It just goes to show, that given the slightest level of ambiguity, whether deliberate (conscious denomalization in ER modeling) or not, will invariably generate different semantics to different observers.

Given a chance (new code, new requirements, new assumptions, new anything), the actual semantics of a data model will deviate from its origins. This deviation manifests itself through: performance degradation, logical bugs or through legacy-type symptoms (difficult to change, missing or incomplete documentation, etc.). Most of what we do in our business is try to keep this continuous deviation in check. Tom’s approach is pragmatic: deal with the known problems as they come … it is a deterministic path … he can always make it better … since performance is a good indicator of how much deviation is there, he also concludes one should design for performance (which I agree with ... since he's really arguing for solid programming). I, on the other hand, cannot always make a bad system perform … hence, whenever I get a chance, I try to control those run-away semantics close to the model and as soon as possible (worried more about being able to stand up longer rather than running faster) … I find normalization a good tool for that … the downside? … having to convince people (who sometime don’t give a monkey about it) about potential problems … non-deterministic path … exposed to being labeled dogmatic, alarmist, obsessive, trouble maker, whatever. Everyone remembers the fix for the big problem … not having the problem at all? … a non-event. But I’m learning … Tom’s book is finally being delivered … hey, we are slower here in Canada.

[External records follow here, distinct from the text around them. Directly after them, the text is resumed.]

(* Let $n\ge 1$, let $\mathcal{D}\subseteq\mathbb{R}^{2n+1}$ be open and let $F:\mathcal{D}\to\mathbb{R}$ be twice continuously differentiable. Write $\theta=(\mathbf{c},\mathbf{b})$ with $\mathbf{c}\in\mathbb{R}^{n+1}$, $\mathbf{b}\in\mathbb{R}^n$, and partition the Hessian as $$\nabla^2_\theta F(\theta)=\begin{pmatrix}\mathcal{H}_{11}(\theta)&\mathcal{H}_{12}(\theta)\\ \mathcal{H}_{21}(\theta)&\mathcal{H}_{22}(\theta)\end{pmatrix},\quad \mathcal{H}_{11}=\nabla^2_{\mathbf{c}\mathbf{c}}F,\ \mathcal{H}_{12}=\nabla^2_{\mathbf{c}\mathbf{b}}F,\ \mathcal{H}_{21}=\nabla^2_{\mathbf{b}\mathbf{c}}F,\ \mathcal{H}_{22}=\nabla^2_{\mathbf{b}\mathbf{b}}F.$$ Let $\mathcal{O}\subseteq\mathcal{D}$ be an open set on which the invertibility assumption holds for the chosen scheme, and let $G=(G_1,G_2):\mathcal{O}\to\mathbb{R}^{2n+1}$ be the block Newton map of either the L-GS or the NL-GS scheme (defined in the context). Let $\theta^*\in\mathcal{O}$ be a fixed point of $G$ and assume that $\nabla^2_\theta F(\theta^* )$ is symmetric positive definite. Then $G$ is differentiable at $\theta^*$ with Jacobian $$\mathbf{J}_G(\theta^* )=I_{2n+1}-B(\theta^* )^{-1}\nabla^2_\theta F(\theta^* ),\qquad B(\theta)=\begin{pmatrix}\mathcal{H}_{11}(\theta)&\mathbf{0}\\ \mathcal{H}_{21}(\theta)&\mathcal{H}_{22}(\theta)\end{pmatrix}.$$
   Context: Block Newton maps. For $\theta=(\mathbf{c},\mathbf{b})$ define $G_1(\theta)=\mathbf{c}-\mathcal{H}_{11}(\theta)^{-1}\nabla_{\mathbf{c}}F(\theta)$. For the NL-GS (block nonlinear Gauss–Seidel) scheme, $G_2(\theta)=\mathbf{b}-\mathcal{H}_{22}(G_1(\theta),\mathbf{b})^{-1}\nabla_{\mathbf{b}}F(G_1(\theta),\mathbf{b})$. For the L-GS (block linear Gauss–Seidel) scheme, $G_2(\theta)=\mathbf{b}-\mathcal{H}_{22}(\theta)^{-1}\big(\nabla_{\mathbf{b}}F(\theta)+\mathcal{H}_{21}(\theta)(G_1(\theta)-\mathbf{c})\big)$. Then $G(\theta)=(G_1(\theta),G_2(\theta))$. Invertibility assumption on $\mathcal{O}$: for every $\theta=(\mathbf{c},\mathbf{b})\in\mathcal{O}$, $\mathcal{H}_{11}(\theta)$ is invertible, and moreover $\mathcal{H}_{22}(G_1(\theta),\mathbf{b})$ is invertible (with $(G_1(\theta),\mathbf{b})\in\mathcal{D}$) for NL-GS, respectively $\mathcal{H}_{22}(\theta)$ is invertible for L-GS. $I_{2n+1}$ is the identity matrix of order $2n+1$. *)

theory Defs
  imports "HOL-Analysis.Analysis"
begin

text \<open>Parameter vectors theta in R^(2n+1) are modelled as real^('c + 'b), where the
  index type 'c (card n+1) indexes the block c and 'b (card n) indexes the block b.\<close>

definition cpart :: "real^('c::finite + 'b::finite) \<Rightarrow> real^'c" where
  "cpart th = (\<chi> i. th $ Inl i)"

definition bpart :: "real^('c::finite + 'b::finite) \<Rightarrow> real^'b" where
  "bpart th = (\<chi> j. th $ Inr j)"

definition join :: "real^'c::finite \<Rightarrow> real^'b::finite \<Rightarrow> real^('c + 'b)" where
  "join c b = (\<chi> k. case k of Inl i \<Rightarrow> c $ i | Inr j \<Rightarrow> b $ j)"

definition C2_on :: "'a::euclidean_space set \<Rightarrow> ('a \<Rightarrow> real) \<Rightarrow> bool" where
  "C2_on D F \<longleftrightarrow> (\<exists>(F' :: 'a \<Rightarrow> 'a \<Rightarrow>\<^sub>L real) (F'' :: 'a \<Rightarrow> 'a \<Rightarrow>\<^sub>L ('a \<Rightarrow>\<^sub>L real)).
      (\<forall>x\<in>D. (F has_derivative blinfun_apply (F' x)) (at x) \<and>
               (F' has_derivative blinfun_apply (F'' x)) (at x)) \<and>
      continuous_on D F'')"
(* Let $f=1-xy$, $g=1-xy^2$, $h=1-y$ in $\mathbb{Z}[x,y]$. There exist polynomials $\xi_m\in\mathbb{Z}[x,y]$ for all integers $m\geq1$ such that (1) (a) $\xi_1=g$; (b) $\xi_{m+1}=f\xi_m+x^mh^{m+1}$; (c) $\xi_{m+1}=xh\xi_m+f^{m+1}$; (2) $\xi_m$ vanishes to order $m$ at $t_0=(1,1)$; (3) the Newton polygon of $\xi_m$ is the triangle with vertices $(0,0)$, $(m-1,0)$, $(m,m+1)$; (4) $\xi_m$ is irreducible in $K[x,y]$ for every field $K$.
   Context: The Newton polygon of a polynomial is the convex hull of the exponent vectors of the monomials appearing with nonzero coefficient. *)

theory Defs
  imports "HOL-Analysis.Analysis" "HOL-Computational_Algebra.Polynomial"
begin

text \<open>Bivariate polynomials R[x,y] are represented as R[x][y], i.e. as 'a poly poly:
  coeff (coeff p j) i is the coefficient of the monomial x^i y^j.\<close>

definition varX :: "'a::comm_ring_1 poly poly" where
  "varX = [:[:0, 1:]:]"

definition varY :: "'a::comm_ring_1 poly poly" where
  "varY = [:0, 1:]"

definition support2 :: "'a::zero poly poly \<Rightarrow> (nat \<times> nat) set" where
  "support2 p = {(i, j). coeff (coeff p j) i \<noteq> 0}"

definition newton_polygon :: "'a::zero poly poly \<Rightarrow> (real \<times> real) set" where
  "newton_polygon p = convex hull ((\<lambda>(i, j). (real i, real j)) ` support2 p)"

text \<open>Translate the point (a,b) to the origin: p(x+a, y+b).\<close>
definition shift2 :: "'a::comm_ring_1 \<Rightarrow> 'a \<Rightarrow> 'a poly poly \<Rightarrow> 'a poly poly" where
  "shift2 a b p = pcompose (map_poly (\<lambda>c. pcompose c [:a, 1:]) p) [:[:b:], 1:]"
lemma regF_coord_eq_imp_inputs_eq:
  assumes CI: "coordinatewise_injective a K" and ND: "non_degenerated K" and a: "0 < a" "a < 1"
    and x: "x k \<in> {0..1}" and y: "y k \<in> {0..1}" and eq: "regF a K s T x k = regF a K s T y k"
  shows "x k = y k" and "K l k \<noteq> 0 \<Longrightarrow> activation s T x l k = activation s T y l k"
proof -
  have famF: "famF a K k (\<lambda>l. activation s T x l k) = famF a K k (\<lambda>l. activation s T y l k)"
    using famF_eq_if_regF_coord_eq[OF CI x y eq] .
  from fun_cong[OF famF, of 0] a
  have sums: "(\<Sum>l\<in>UNIV. activation s T x l k * K l k) = (\<Sum>l\<in>UNIV. activation s T y l k * K l k)"
    by (simp add: famF_def)
  show "x k = y k"
    using eq a unfolding regF_famF famF by (simp add: famF_def)
  show "K l k \<noteq> 0 \<Longrightarrow> activation s T x l k = activation s T y l k"
    using non_degenerated_weights_eq[OF ND activation_binvec activation_binvec sums] .
qed

lemma mem_Cset_iff:
  "c \<in> Cset a K s T n i j J \<longleftrightarrow> (\<exists>X\<in>partP a K s T n.
     c = (\<lambda>x. x j) ` (regF a K s T ^^ n) ` X \<and> (\<lambda>x. x i) ` (regF a K s T ^^ n) ` X = J)"
  by (auto simp: Cset_def partQ_def)

lemma drives_refl: "drives a K s T i i"
proof -
  have "Cset a K s T n i i J \<subseteq> {J}" for n J by (auto simp: mem_Cset_iff)
  then have "finite (Cset a K s T n i i J) \<and> card (Cset a K s T n i i J) \<le> 1" for n J
    using card_mono[of "{J}"] finite_subset[of _ "{J}"] by fastforce
  then show ?thesis unfolding drives_def by blast
qed

lemma finite_if_inj_on_rel:
  assumes "finite B" "\<And>a. a \<in> A \<Longrightarrow> \<exists>b. b \<in> B \<and> r a b"
    and "\<And>a1 a2 b. \<lbrakk>a1 \<in> A; a2 \<in> A; b \<in> B; r a1 b; r a2 b\<rbrakk> \<Longrightarrow> a1 = a2"
  shows "finite A"
proof -
  have "A \<subseteq> (\<lambda>b. THE a. a \<in> A \<and> r a b) ` B"
  proof
    fix a assume "a \<in> A"
    then obtain b where b: "b \<in> B" "r a b" using assms(2) by blast
    then have "(THE a'. a' \<in> A \<and> r a' b) = a"
      using \<open>a \<in> A\<close> assms(3) by (intro the_equality) blast+
    then show "a \<in> (\<lambda>b. THE a. a \<in> A \<and> r a b) ` B" using b(1) by force
  qed
  then show ?thesis using assms(1) finite_surj by blast
qed

locale isolated_two_loop =
  fixes a :: real and K s T :: "'n::finite \<Rightarrow> 'n \<Rightarrow> real" and i j :: 'n
  assumes params: "regnet_params a K s T"
    and two_loop: "two_loop_isolated_end K i j"
    and distinct_ends: "i \<noteq> j"
begin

Again … sorry man for labeling you.

Gabriel


Gabriel

Mark A. Williams, September 30, 2003 - 6:49 pm UTC

Don't worry, I don't feel "labeled" :)

My intent was to have a tiny bit of fun (though unoriginal I realize), and to give the "simple/obvious/easy" answer. Certainly it was not intended to offend, and I hope that it did not. Though there *are* things you can read into the fact that it was a "simple/obvious/easy" response if you are so inclined (just not too much, ok?) - as you observe - "different semantics to different observers".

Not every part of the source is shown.